There is a third obvious line of attack against this patently risible idea. As we saw previously, the most common “truth” that is derived from mystical experience is usually along the lines of “all is one”, “all is unity”, or “duality is false”. Well, if there is no duality, then there is no truth, since truth requires the existence of falsity in order to have any meaning (the cognitive dissonance required to assert that “duality is false” is striking). “Supra-rational truth” is therefore an oxymoron, or, as we have seen, merely an amusing word game.

It appears then that we are compelled to deny even the possibility of the existence of “mystical truth” in the way that we have defined it. “Truth” is a rational concept, and as we know bare experience has no explanatory power, so all “truths” are ultimately rational ones (although reason cannot by itself arrive at truth any more than experience can; reason must have experience to work with, or it will have nothing to classify or analyse) and there is no such thing as “supra-rational truth”. In the previous entry we saw how statements such as “all is one” and “there is only one thing” simply do not qualify as truth statements at all.

The reality is this type of case is that the whole “supra-rational truth”, the whole “mystical truth” idea, is merely a defence against the destruction of pet ideas.

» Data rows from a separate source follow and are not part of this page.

lemma pi_mat_transpose_support:
  "u \<in> carrier_vec (card C) \<Longrightarrow> j < d \<Longrightarrow> (transpose_mat (pi_mat d C) *\<^sub>v u) $ j \<noteq> 0 \<Longrightarrow> j \<in> C"
  using sorted_list_of_set_nth_in by (fastforce simp: pi_mat_transpose_mult_vec intro: sum.neutral)

lemma row_pi_mat: "c < card C \<Longrightarrow> row (pi_mat d C) c = unit_vec d (sorted_list_of_set C ! c)"
  unfolding pi_mat_def using C by (simp add: mat_of_rows_row)

lemma pi_mat_mult_transpose: "pi_mat d C * transpose_mat (pi_mat d C) = 1\<^sub>m (card C)"
proof (rule eq_matI)
  fix c c' assume "c < dim_row (1\<^sub>m (card C))" "c' < dim_col (1\<^sub>m (card C))"
  then have cc': "c < card C" "c' < card C" by auto
  then have "sorted_list_of_set C ! c < d" "sorted_list_of_set C ! c' < d"
    using C sorted_list_of_set_nth_in by auto
  then have "(pi_mat d C * transpose_mat (pi_mat d C)) $$ (c, c')
      = (if sorted_list_of_set C ! c' = sorted_list_of_set C ! c then 1 else 0)"
    using cc' pi_mat_carrier by (simp add: row_pi_mat scalar_prod_left_unit)
  also have "\<dots> = 1\<^sub>m (card C) $$ (c, c')"
    using cc' C by (simp add: nth_eq_iff_index_eq)
  finally show "(pi_mat d C * transpose_mat (pi_mat d C)) $$ (c, c') = 1\<^sub>m (card C) $$ (c, c')" .
qed (use pi_mat_carrier in auto)

lemma pi_mat_transpose_inj:
  assumes "u \<in> carrier_vec (card C)" "transpose_mat (pi_mat d C) *\<^sub>v u = 0\<^sub>v d"
  shows "u = 0\<^sub>v (card C)"
proof -
  have "u = (pi_mat d C * transpose_mat (pi_mat d C)) *\<^sub>v u"
    using assms(1) by (simp add: pi_mat_mult_transpose)
  also have "\<dots> = pi_mat d C *\<^sub>v 0\<^sub>v d"
    using assms pi_mat_carrier by (metis assoc_mult_mat_vec transpose_carrier_mat)
  also have "\<dots> = 0\<^sub>v (card C)"
    by (rule mult_mat_vec_zero[OF pi_mat_carrier])
  finally show ?thesis .
qed

lemma pi_mat_transpose_pi_mat:
  assumes w: "w \<in> carrier_vec d" and supp: "\<And>j. j < d \<Longrightarrow> w $ j \<noteq> 0 \<Longrightarrow> j \<in> C"
  shows "transpose_mat (pi_mat d C) *\<^sub>v (pi_mat d C *\<^sub>v w) = w"
proof (rule eq_vecI)
  fix j assume "j < dim_vec w"
  then have j: "j < d" using w by simp
  have bij: "bij_betw ((!) (sorted_list_of_set C)) {..<card C} C"
    using C by (intro bij_betw_nth) auto
  have "(transpose_mat (pi_mat d C) *\<^sub>v (pi_mat d C *\<^sub>v w)) $ j
      = (\<Sum>c<card C. if sorted_list_of_set C ! c = j then (pi_mat d C *\<^sub>v w) $ c else 0)"
    using w pi_mat_carrier j by (intro pi_mat_transpose_mult_vec) auto
  also have "\<dots> = (\<Sum>c<card C. if sorted_list_of_set C ! c = j then w $ (sorted_list_of_set C ! c) else 0)"
    using w by (intro sum.cong) (auto simp: pi_mat_mult_vec)
  also have "\<dots> = (\<Sum>j'\<in>C. if j' = j then w $ j' else 0)"
    by (rule sum.reindex_bij_betw[OF bij])
  also have "\<dots> = w $ j"
    using C supp[OF j] by auto
  finally show "(transpose_mat (pi_mat d C) *\<^sub>v (pi_mat d C *\<^sub>v w)) $ j = w $ j" .
qed (use w pi_mat_carrier in auto)

end

lemma normal_abs_class_zero:
  assumes normal: "normal_abs S V" and C: "C \<in> coh_classes (dim_row S) V" and u: "u \<in> carrier_vec (card C)"
    and zero: "transpose_mat S *\<^sub>v (transpose_mat (pi_mat (dim_row S) C) *\<^sub>v u) = 0\<^sub>v (dim_col S)"
  shows "u = 0\<^sub>v (card C)"
proof -
  note Cd = coh_classes_finite[OF C] coh_classes_subset[OF C]
  have w: "transpose_mat (pi_mat (dim_row S) C) *\<^sub>v u \<in> carrier_vec (dim_row S)"
    using pi_mat_carrier[OF Cd] u by simp
  have "coherent_row (dim_row S) V (transpose_mat (pi_mat (dim_row S) C) *\<^sub>v u)"
    if "transpose_mat (pi_mat (dim_row S) C) *\<^sub>v u \<noteq> 0\<^sub>v (dim_row S)"
    unfolding coherent_row_def using pi_mat_transpose_support[OF Cd u] C by blast
  then have "transpose_mat (pi_mat (dim_row S) C) *\<^sub>v u = 0\<^sub>v (dim_row S)"
    using normal_absD[OF normal _ w zero] by blast
  then show ?thesis
    by (rule pi_mat_transpose_inj[OF Cd u])
qed

section \<open>Images of Q-VASRs\<close>

definition pivot :: "rat mat \<Rightarrow> nat \<Rightarrow> nat" where
  "pivot T i = (SOME j. j < dim_col T \<and> T $$ (i, j) \<noteq> 0)"

lemma pivot_nonzero: "\<exists>j<dim_col T. T $$ (i, j) \<noteq> 0 \<Longrightarrow> pivot T i < dim_col T \<and> T $$ (i, pivot T i) \<noteq> 0"
  unfolding pivot_def by (rule someI_ex) simp

lemma vasr_image_pivot:
  "vasr_image V T = (\<lambda>(r, a). (vec (dim_row T) (\<lambda>i. r $ pivot T i), T *\<^sub>v a)) ` V"
  unfolding vasr_image_def pivot_def by force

As Martin Luther said:

Reason is the greatest enemy that faith has; it never comes to the aid of spiritual things, but more frequently than not struggles against the divine Word, treating with contempt all that emanates from God…Whoever wants to be a Christian should tear the eyes out of his reason.

Reason is the “greatest enemy that faith has” because the supposed “truths” of faith simply cannot withstand its scrutiny; they crumble underneath its gaze. “Spiritual things”, in the sense used by Luther, occultists and other religious believers, can only be accepted in spite of reason. There are two potential sources of the antagonism between faith and reason:

  1. Reason is simply incapable of arriving at the “truths” that faith can – they apply to two different domains; or
  2. Reason arrives at one set of “truths” and faith arrives at a different set, the two sets are incompatible and only one of them is right.

The first is the one most often quoted, especially by new-agers and the “modern religious” who are compelled by the march of progress to conclude that reason and “science” must really be onto something. Only a real ignoramus can, these days, advance the argument (see what kind of knots a faith-based position leaves one in? One must argue – using reason – that reason is false) that “reason is false”, so they are compelled to admit that there is some truth in it. If they are to maintain their faith, and claim that there is some truth in that also despite the fact that it is admittedly not a rational position, then their only avenue is to claim that reason leads to some truths, faith leads to others, and “ne’er the twain shall meet”. Stephen Jay Gould has termed this the “non-overlapping magisteria” or faith and reason, the idea that they are two equally valid lines of inquiry dealing with wholly different domains, and that they can peacefully co-exist since there is no arena in which they can compete. In other words, reason cannot prove faith wrong, and faith cannot prove reason wrong.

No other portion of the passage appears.